Nel corso dell’ultima sessione, il Consiglio degli Stati ha accolto la mia mozione che chiede di creare una base legale per consentire ai Cantoni di procedere con la regolazione dei lupi in caso di superamento di una soglia numerica definita. Si tratta, a ben guardare, di una decisione che rappresenta una svolta: non solo per il contenuto concreto del provvedimento, ma anche per il cambio di approccio che essa sottende.
Per anni, il dibattito attorno alla presenza del lupo sul territorio svizzero è stato caratterizzato da una forte polarizzazione. Da un lato, la legittima esigenza di tutelare una specie protetta e simbolicamente importante per la biodiversità; dall’altro, le crescenti preoccupazioni del mondo agricolo e alpestre, confrontato con predazioni sempre più frequenti e con un senso di insicurezza diffuso nelle regioni periferiche.
In questo contesto, l’approvazione della mozione segna un momento di presa di coscienza politica.
Il Consiglio degli Stati ha riconosciuto che la situazione è cambiata: la presenza del lupo non è più episodica, ma strutturale. E, proprio per questo motivo, anche gli strumenti di gestione devono evolvere.
Il risultato raggiunto è sorprendente per diversi motivi. In primo luogo, per il sostegno dello stesso Consiglio federale che ne raccomandava l’accoglimento ma anche per l’ampiezza del consenso raccolto (nessun voto contrario), che dimostra come la necessità di intervenire sia ormai condivisa ben oltre gli schieramenti tradizionali.
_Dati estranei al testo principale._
(* The free semigroup of rank 1 with a zero adjoined, i.e. the semigroup with presentation $\langle a,b\mid b^2=b,\ ab=ba=b\rangle$, is not isomorphic to any automaton semigroup.
   Context: A synchronous automaton is $(Q,\Sigma,t,o)$ with $Q$ a finite set of states, $\Sigma$ a finite alphabet, $t:Q\times\Sigma\to Q$ and $o:Q\times\Sigma\to\Sigma$. Each state $q$ induces $q:\Sigma^*\to\Sigma^*$ by $q(\emptyset)=\emptyset$, $q(\sigma w)=o(q,\sigma)\,q'(w)$ with $q'=t(q,\sigma)$. An automaton semigroup is the semigroup of maps generated under composition by the states of a synchronous automaton. *)

theory Defs
  imports Main
begin

text \<open>A synchronous automaton with finite state set Q = UNIV :: 'q and finite alphabet
  Sigma = UNIV :: 's, transition function t and output function out.\<close>

fun state_map :: "('q \<Rightarrow> 's \<Rightarrow> 'q) \<Rightarrow> ('q \<Rightarrow> 's \<Rightarrow> 's) \<Rightarrow> 'q \<Rightarrow> 's list \<Rightarrow> 's list" where
  "state_map t out q [] = []"
| "state_map t out q (s # w) = out q s # state_map t out (t q s) w"

inductive_set aut_semigroup :: "('q \<Rightarrow> 's \<Rightarrow> 'q) \<Rightarrow> ('q \<Rightarrow> 's \<Rightarrow> 's) \<Rightarrow> ('s list \<Rightarrow> 's list) set"
  for t out where
  gen: "state_map t out q \<in> aut_semigroup t out"
| comp: "f \<in> aut_semigroup t out \<Longrightarrow> g \<in> aut_semigroup t out \<Longrightarrow> f \<circ> g \<in> aut_semigroup t out"

text \<open>The free semigroup of rank 1 with a zero adjoined, i.e. the semigroup
  presented by a, b with b^2 = b, ab = ba = b. Normal forms: Some n stands for a^n (n \<ge> 1),
  None stands for the zero b.\<close>

definition fz_carrier :: "nat option set" where
  "fz_carrier = {None} \<union> {Some n | n. n \<ge> 1}"

fun fz_mult :: "nat option \<Rightarrow> nat option \<Rightarrow> nat option" where
  "fz_mult (Some m) (Some n) = Some (m + n)"
| "fz_mult _ _ = None"

end

theory Submission
  imports Defs
begin

(*
  Suppose h were an isomorphism from the free monogenic semigroup with zero,
  {a^n | n \<ge> 1} \<union> {0}, onto the semigroup S generated by the states of a finite
  synchronous automaton.  Every map in S sends a letter-prefixed word s#u to
  c # g u, and we track the "sections" g.

  An abstract pumping
  lemma then shows: if all sections of a word map f lie in {f, z} for a zero z
  of f, then f^n is determined by the pair (b^n, {b^i | i < n}), where b is the
  letter map of f; over a finite alphabet this pair ranges over a finite set,
  so f^n = f^m for some 1 \<le> n < m.

  For the isomorphism h: a = h(a) is a state (it is indecomposable), the sections
  of h(a^n) lie in h({0} \<union> {a^e | e \<ge> n}), and among the finitely many
  exponents e with h(a^e) a state we take the largest, M.  The sections of the
  state h(a^M) then lie in {h(a^M), h(0)}, so the pumping lemma gives
  h(a^(M n)) = h(a^M)^n = h(a^M)^m = h(a^(M m)) with n < m, contradicting
  injectivity of h.
*)

section \<open>Sections of word maps\<close>

definition sections_in :: "('s list \<Rightarrow> 's list) \<Rightarrow> ('s list \<Rightarrow> 's list) set \<Rightarrow> bool" where
  "sections_in f T \<longleftrightarrow> (\<forall>s. \<exists>c. \<exists>g\<in>T. \<forall>u. f (s # u) = c # g u)"

lemma sections_in_mono: "sections_in f T \<Longrightarrow> T \<subseteq> T' \<Longrightarrow> sections_in f T'"
  unfolding sections_in_def by blast

lemma sections_in_state: "sections_in (state_map t out q) (range (state_map t out))"
  unfolding sections_in_def by auto

lemma sections_in_comp:
  assumes "sections_in f A" and "sections_in g B"
  shows "sections_in (f \<circ> g) {a \<circ> b | a b. a \<in> A \<and> b \<in> B}"
  unfolding sections_in_def
proof
  fix s
  obtain c b where "b \<in> B" and g: "\<forall>u. g (s # u) = c # b u"
    using assms(2) unfolding sections_in_def by blast
  moreover obtain d a where "a \<in> A" and f: "\<forall>v. f (c # v) = d # a v"
    using assms(1) unfolding sections_in_def by blast
  ultimately show "\<exists>d. \<exists>k\<in>{a \<circ> b | a b. a \<in> A \<and> b \<in> B}. \<forall>u. (f \<circ> g) (s # u) = d # k u"
    by (intro exI[of _ d] bexI[of _ "a \<circ> b"]) auto
qed

lemma aut_semigroup_Nil: "f \<in> aut_semigroup t out \<Longrightarrow> f [] = []"
  by (induction rule: aut_semigroup.induct) auto

lemma indecomposable_is_state:
  assumes "f \<in> aut_semigroup t out"
    and "\<And>g k. g \<in> aut_semigroup t out \<Longrightarrow> k \<in> aut_semigroup t out \<Longrightarrow> f \<noteq> g \<circ> k"
  shows "f \<in> range (state_map t out)"
  using assms by (cases rule: aut_semigroup.cases) auto

section \<open>A pumping lemma for maps with sections in {f, z}\<close>

lemma iterate_on_cons:
  assumes step: "\<And>c v. f (c # v) = b c # (if c \<in> K then z v else f v)"
    and zf: "z \<circ> f = z" and fz: "f \<circ> z = z" and zz: "z \<circ> z = z"
  shows "(f^^n) (s # u) = (b^^n) s # (if \<exists>i<n. (b^^i) s \<in> K then z u else (f^^n) u)"
proof (induction n)
  case 0
  show ?case by simp
next
  case (Suc n)
  have "z (f v) = z v" for v
    using fun_cong[OF zf] by simp
  then have z_fn: "z ((f^^n) v) = z v" for v
    by (induction n) simp_all
  have "(f^^Suc n) (s # u) = f ((b^^n) s # (if \<exists>i<n. (b^^i) s \<in> K then z u else (f^^n) u))"
    using Suc.IH by simp
  also have "\<dots> = (b^^Suc n) s # (if \<exists>i<Suc n. (b^^i) s \<in> K then z u else (f^^Suc n) u)"
    using fun_cong[OF fz] fun_cong[OF zz] z_fn by (auto simp: step less_Suc_eq)
  finally show ?case .
qed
In secondo luogo, per il segnale chiaro che viene inviato: la protezione della fauna non può prescindere da una gestione attiva e pragmatica, capace di conciliare gli obiettivi ecologici con la sostenibilità delle attività umane.
Per il Ticino, questa decisione assume un significato ancora più concreto. Le regioni di montagna e le aziende agricole locali sono tra le più esposte agli effetti della presenza del lupo. Dare agli enti competenti strumenti più flessibili e tempestivi per intervenire significa riconoscere la realtà vissuta quotidianamente da allevatori e comunità locali.
È importante sottolineare che non si tratta di un “fuoco libero”, né di un passo indietro nella tutela della biodiversità. Al contrario, si tratta di un tentativo di trovare un equilibrio più maturo e realistico, fondato sull’esperienza accumulata negli ultimi anni. Una gestione efficace del lupo passa anche dalla capacità di prevenire conflitti e di intervenire quando questi diventano insostenibili.
Questa decisione, se confermata dal Consiglio nazionale, aprirà dunque una nuova fase. Sarà in ogni caso fondamentale tradurre gli indirizzi politici in misure concrete, chiare e applicabili, evitando lungaggini burocratiche e garantendo una reale efficacia sul terreno. Allo stesso tempo, sarà essenziale mantenere un dialogo aperto tra tutti gli attori coinvolti: istituzioni, mondo agricolo, esperti e organizzazioni ambientaliste.
Il voto del Consiglio degli Stati non chiude il dibattito, ma lo rilancia su basi nuove. È un segnale a superare contrapposizioni ideologiche e a lavorare per una gestione del territorio che sia equilibrata e rispettosa delle diverse esigenze. In definitiva, siamo di fronte a un cambio di paradigma: dalla gestione passiva alla responsabilità attiva. Una sfida complessa, ma necessaria, che occorre affrontare con pragmatismo e senso della realtà.